A new report has revealed that energy consumption, particularly the costs involved, account for more than 30% of operating costs.
The Renewables in Mining report from Deloitte, the second in the company’s Energy Management in Mining series, explores the cost involved in energy management in mining and more importantly how renewables can be used to create a distinct competitive edge.
“With renewable energy fast becoming a mainstream energy source, mining companies have a material opportunity to use renewable to lower costs, improve safety, reliability and sustainability, and mitigate risks to ultimately gain a competitive edge,” says the report.
According to the report, miners have the opportunity to drive down energy costs by up to 25% in existing operations and 50% in new mines through an effective energy management program, of which renewables can play a major role.
In addition to cost savings, the ability to reduce emissions and preserve the mine’s social license to operate increases the size of the prize even more.
As with anything, there must be a solid business case behind it all, particularly something that is new and brings with it an element of risk.

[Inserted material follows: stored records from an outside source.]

text \<open>The value -\<infinity> at 0 is implicit: the function is only constrained on nonzero
elements (the axioms involving 0 hold trivially with deg 0 = -\<infinity>).\<close>
definition nonneg_degree_function :: "'b::idom set \<Rightarrow> ('b \<Rightarrow> int) \<Rightarrow> bool" where
  "nonneg_degree_function R \<delta> \<longleftrightarrow>
     (\<forall>r\<in>R. r \<noteq> 0 \<longrightarrow> \<delta> r \<ge> 0) \<and>
     (\<forall>r\<in>R. \<forall>s\<in>R. r \<noteq> 0 \<longrightarrow> s \<noteq> 0 \<longrightarrow> \<delta> (r * s) = \<delta> r + \<delta> s) \<and>
     (\<forall>r\<in>R. \<forall>s\<in>R. r \<noteq> 0 \<longrightarrow> s \<noteq> 0 \<longrightarrow> r + s \<noteq> 0 \<longrightarrow> \<delta> (r + s) \<le> max (\<delta> r) (\<delta> s))"

definition degree_rigid :: "'b::idom set \<Rightarrow> bool" where
  "degree_rigid R \<longleftrightarrow>
     (\<forall>\<delta>. nonneg_degree_function R \<delta> \<longrightarrow> (\<forall>r\<in>R. r \<noteq> 0 \<longrightarrow> \<delta> r = 0))"

end

theory Submission
  imports Defs "HOL-Computational_Algebra.Polynomial_Factorial"
begin

text \<open>
  Write \<open>g = (x - 1)/(x\<^sup>n y - 1)\<close> and \<open>D = x\<^sup>n y - 1\<close>, so that \<open>g D = x - 1\<close>. The element
  \<open>h = g x\<^sup>n\<^sup>-\<^sup>1 y - 1\<close> of \<open>B\<^sub>n\<close> satisfies a second relation \<open>h D = 1 - x\<^sup>n\<^sup>-\<^sup>1 y\<close>.
  If \<open>\<delta> x > 0\<close>, then \<open>\<delta> D \<ge> n \<delta> x + \<delta> y\<close>, and the first relation gives
  \<open>\<delta> g + \<delta> D \<le> \<delta> x\<close>, forcing \<open>(n - 1) \<delta> x + \<delta> y = 0\<close>; then the second relation gives
  \<open>\<delta> D \<le> 0\<close>, a contradiction. So \<open>\<delta> x = 0\<close>, and the first relation yields
  \<open>\<delta> y = \<delta> g = 0\<close>. As nonzero constants are units, \<open>B\<^sub>n\<close> is generated by elements of
  degree \<open>\<le> 0\<close>, so every nonzero element has degree 0.
\<close>

locale nonneg_degree_subring =
  fixes R :: "'b::idom set" and d :: "'b \<Rightarrow> int"
  assumes one_mem: "1 \<in> R"
    and minus_mem: "x \<in> R \<Longrightarrow> - x \<in> R"
    and add_mem: "x \<in> R \<Longrightarrow> y \<in> R \<Longrightarrow> x + y \<in> R"
    and mult_mem: "x \<in> R \<Longrightarrow> y \<in> R \<Longrightarrow> x * y \<in> R"
    and degree_function: "nonneg_degree_function R d"
begin
lemma dir_path_Nil [simp]: "\<not> dir_path E a b []"
  unfolding dir_path_def by simp

lemma dir_path_single [simp]: "dir_path E a b [u] \<longleftrightarrow> u = a \<and> u = b"
  unfolding dir_path_def by auto

lemma dir_path_Cons_Cons [simp]:
  "dir_path E a b (u # v # ps) \<longleftrightarrow> u = a \<and> (a, v) \<in> E \<and> dir_path E v b (v # ps)"
  unfolding dir_path_iff_successively by auto

lemma dir_path_Cons_hd: "dir_path E a b (u # ps) \<Longrightarrow> u = a"
  unfolding dir_path_def by simp

lemma dir_path_append:
  "dir_path E a b (X @ c # Y) \<longleftrightarrow> dir_path E a c (X @ [c]) \<and> dir_path E c b (c # Y)"
  by (induction X arbitrary: a rule: induct_list012) (auto dest: dir_path_Cons_hd)

lemma dir_path_edges: "dir_path E a b ps \<Longrightarrow> path_edges ps \<subseteq> E"
  unfolding dir_path_def path_edges_def by (auto simp: set_zip nth_tl)

section \<open>Paths in an upward planar drawing\<close>

locale upward_planar_graph =
  fixes V :: "'v set" and E :: "('v \<times> 'v) set"
    and pos :: "'v \<Rightarrow> real \<times> real" and gam :: "'v \<times> 'v \<Rightarrow> real \<Rightarrow> real \<times> real"
  assumes edges_in_V: "E \<subseteq> V \<times> V"
    and drawing: "upward_planar_drawing V E pos gam"
begin

abbreviation height :: "'v \<Rightarrow> real" where
  "height v \<equiv> snd (pos v)"

abbreviation points :: "'v list \<Rightarrow> (real \<times> real) set" where
  "points \<equiv> path_points pos gam"

lemma inj_on_pos: "inj_on pos V"
  using drawing unfolding upward_planar_drawing_def by (rule conjunct1)

lemma edge_curve:
  assumes "(u, v) \<in> E"
  shows "continuous_on {0..1} (gam (u, v))" "gam (u, v) 0 = pos u" "gam (u, v) 1 = pos v"
    and "strict_mono_on {0..1} (\<lambda>r. snd (gam (u, v) r))"
  using conjunct1[OF conjunct2[OF drawing[unfolded upward_planar_drawing_def]]] assms by auto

Deloitte lays out the key benefits which could be realised through the implementation of renewables into a business strategy:
Energy costs and consumption is a key trend that will continue into 2018, with more and more companies having the discussions at management and executive level.
To this end, Deloitte argues that companies must look at their strategies and challenge themselves more.
“To realise the fullness of these opportunities, mining companies will need to challenge their capital projects groups and their design teams to take a hard look at renewable technologies, not just as a pure substitute for existing energy sources, but also as a means of doing things differently.”